MP instaura inquérito para investigar viagem de Crivella no carnaval

Governador e prefeito do Rio de Janeiro Luiz Fernando Pezão e Marcelo Crivella

A alegação do prefeito Marcelo Crivella, de se ausentar da cidade durante o Carnaval, de que viajou ao exterior para tratar de interesses do município, não satisfez ao Ministério Público do Rio de Janeiro.

O motivo da viagem de Crivella à Europa às vésperas do maior evento turístico e cultural da cidade também é alvo de apuração.

A falta de organização e planejamento teria desencadeado danos morais de forma coletiva, ao expor moradores e turistas a "desordem e caos urbano".

O MP lembra que o prefeito viajou no sábado de Carnaval, e que embora ele tenha declarado ser esta uma viagem oficial, não constam no site da Prefeitura informações sobre seus deslocamentos, tampouco especificação da agenda que seguiu.

Acrescenta, ainda, que é notória a constatação em geral do desapreço do atual prefeito do Rio pelas manifestações culturais de Carnaval, em qualquer de suas expressões históricas ou atuais.
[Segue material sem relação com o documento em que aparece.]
(* Let $c$ be a command and $\rho_1,\rho_2,\mu_1,\mu_2$ states with $\mathtt b\notin\mathrm{UsedVars}(c)$, $\rho_1(\mathtt b)=\rho_2(\mathtt b)=0$, $|a|_{\mu_1}>0$ and $|a|_{\mu_2}>0$ for every array $a$, and $\langle c,\rho_1,\mu_1\rangle\approx\langle c,\rho_2,\mu_2\rangle$. Then $\langle\mathrm{USLH}(c),\rho_1,\mu_1,\mathtt{false}\rangle\approx_s\langle\mathrm{USLH}(c),\rho_2,\mu_2,\mathtt{false}\rangle$.
   Context: Language AWhile: scalar variables $X\in\mathcal V$, array names $a\in\mathcal A$. Arithmetic expressions $e::=n\ (n\in\mathbb N)\mid X\mid \mathrm{op}_{\mathbb N}(e,\dots,e)\mid be\,?\,e_1:e_2$; boolean expressions $be::=\mathtt{true}\mid\mathtt{false}\mid\mathrm{cmp}(e,e)\mid\mathrm{op}_{\mathbb B}(be,\dots,be)$; commands $c::=\mathtt{skip}\mid X:=e\mid c_1;c_2\mid \mathtt{if}\ be\ \mathtt{then}\ c_1\ \mathtt{else}\ c_2\mid\mathtt{while}\ be\ \mathtt{do}\ c\mid X\leftarrow a[e]\mid a[e]\leftarrow e'$. A scalar state is $\rho:\mathcal V\to\mathbb N$; an array state $\mu$ gives each array $a$ a size $|a|_\mu$ and values $\mu(a)[i]$ for $0\le i<|a|_\mu$. $[\![\cdot]\!]_\rho$ is the usual pure evaluation. $\mathrm{UsedVars}(c)$ is the set of scalar variables occurring in $c$; $\mathtt b$ is a reserved scalar variable. Sequential semantics: steps $\langle c,\rho,\mu\rangle\xrightarrow{o}\langle c',\rho',\mu'\rangle$, $o$ an optional observation $\mathrm{branch}(v)$, $\mathrm{read}(a,i)$, $\mathrm{write}(a,i)$. $X:=e\to\mathtt{skip}$ with $\rho[X\mapsto[\![e]\!]_\rho]$, no obs; $c_1;c_2\xrightarrow{o}c_1';c_2$ if $c_1\xrightarrow{o}c_1'$; $\mathtt{skip};c\to c$; $\mathtt{if}\ be\ \mathtt{then}\ c_{\mathtt{true}}\ \mathtt{else}\ c_{\mathtt{false}}\to c_v$, $v=[\![be]\!]_\rho$, obs $\mathrm{branch}(v)$; $\mathtt{while}\ be\ \mathtt{do}\ c\to\mathtt{if}\ be\ \mathtt{then}\ (c;\mathtt{while}\ be\ \mathtt{do}\ c)\ \mathtt{else}\ \mathtt{skip}$; $X\leftarrow a[ie]\to\mathtt{skip}$ setting $X$ to $\mu(a)[i]$, obs $\mathrm{read}(a,i)$, if $i=[\![ie]\!]_\rho<|a|_\mu$; $a[ie]\leftarrow e\to\mathtt{skip}$ with $\mu[a[i]\mapsto[\![e]\!]_\rho]$, obs $\mathrm{write}(a,i)$, if $i<|a|_\mu$. $\xrightarrow{O}{}^*$ is the reflexive-transitive closure collecting observations. $\langle c_1,\rho_1,\mu_1\rangle\approx\langle c_2,\rho_2,\mu_2\rangle$ iff for all $O_1,O_2$ with $\langle c_k,\rho_k,\mu_k\rangle\xrightarrow{O_k}{}^*$ some configuration, one of $O_1,O_2$ is a prefix of the other. Speculative semantics: configurations $\langle c,\rho,\mu,\beta\rangle$ with boolean flag $\beta$; steps labelled by an optional observation and optional directive $d\in\{\mathit{step},\mathit{force},\mathrm{load}(a',j),\mathrm{store}(a',j)\}$. Non-observing rules as sequentially (flag kept, no directive). Conditional: with $\mathit{step}$ as sequentially; with $\mathit{force}$ go to branch $\neg[\![be]\!]_\rho$ and set $\beta:=\mathtt{true}$; both observe $\mathrm{branch}([\![be]\!]_\rho)$. Read/write with $\mathit{step}$ as sequentially. Read with $\mathrm{load}(a',j)$: requires $\beta=\mathtt{true}$, $i=[\![ie]\!]_\rho\ge|a|_\mu$, $j<|a'|_\mu$, sets $X$ to $\mu(a')[j]$, obs $\mathrm{read}(a,i)$. Write with $\mathrm{store}(a',j)$: requires $\beta=\mathtt{true}$, $i\ge|a|_\mu$, $j<|a'|_\mu$, sets $\mu[a'[j]\mapsto[\![e]\!]_\rho]$, obs $\mathrm{write}(a,i)$. $\langle c_1,\rho_1,\mu_1,\beta_1\rangle\approx_s\langle c_2,\rho_2,\mu_2,\beta_2\rangle$ iff for all $D,O_1,O_2$, if both configurations multi-step with the same directive list $D$ producing $O_1$ resp. $O_2$, then $O_1=O_2$. Ultimate SLH: $\mathrm{USLH}(\mathtt{skip})=\mathtt{skip}$; $\mathrm{USLH}(X:=e)=X:=e$; $\mathrm{USLH}(c_1;c_2)=\mathrm{USLH}(c_1);\mathrm{USLH}(c_2)$; with $B(be)=(\mathtt b==0\ \&\&\ be)$: $\mathrm{USLH}(\mathtt{if}\ be\ \mathtt{then}\ c_1\ \mathtt{else}\ c_2)=\mathtt{if}\ B(be)\ \mathtt{then}\ (\mathtt b:=B(be)\,?\,\mathtt b:1;\mathrm{USLH}(c_1))\ \mathtt{else}\ (\mathtt b:=B(be)\,?\,1:\mathtt b;\mathrm{USLH}(c_2))$; $\mathrm{USLH}(\mathtt{while}\ be\ \mathtt{do}\ c)=(\mathtt{while}\ B(be)\ \mathtt{do}\ (\mathtt b:=B(be)\,?\,\mathtt b:1;\mathrm{USLH}(c)));\ \mathtt b:=B(be)\,?\,1:\mathtt b$; $\mathrm{USLH}(X\leftarrow a[i])=X\leftarrow a[(\mathtt b==1)\,?\,0:i]$; $\mathrm{USLH}(a[i]\leftarrow e)=a[(\mathtt b==1)\,?\,0:i]\leftarrow e$. *)

theory Defs
  imports Main "HOL-Library.Sublist"
begin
Cita ainda que não houve autorização prévia da Câmara Municipal para a saída dele do Rio, conforme prevê a Lei Orgânica do Município do Rio (LOM).

O prefeito alegou que sua viagem foi "a serviço do Rio" e que não foi uma "viagem do guardanapo" - fazendo alusão a uma foto do ex-governador do Rio de Janeiro, Sérgio Cabral, com um guardanapo na cabeça em um restaurante em Paris. "Era uma viagem minha, para melhorar a segurança do Rio de Janeiro", respondeu Crivella. "Eu não fui para a festa do guardanapo", disse ele, em entrevista durante vistoria a obras de contenção na praia da Macumba, zona oeste da cidade. Crivella diz que foi à Europa avaliar tecnologias para a área de segurança. A emenda foi pior que o soneto, sem trocadilhos com a majestosa Áustria, capital mundial da música clássica, terra de Strauss, Mozart, Mahler e Haydn, parte do Tour Crivella 2018, junto com Alemanha, Holanda e Suécia.

Na comitiva do prefeito, estavam o chefe de inteligência da Policia Militar, coronel Antônio Goulart, o chefe executivo do Centro de Operações Rio, Guilherme Sangineto, o diretor-presidente da Empresa Municipal de Informática, Fábio Pimentel de Carvalho e o engenheiro Luis La Torre.

O Ministério Público anunciou que vai investigar os gastos da prefeitura com a viagem.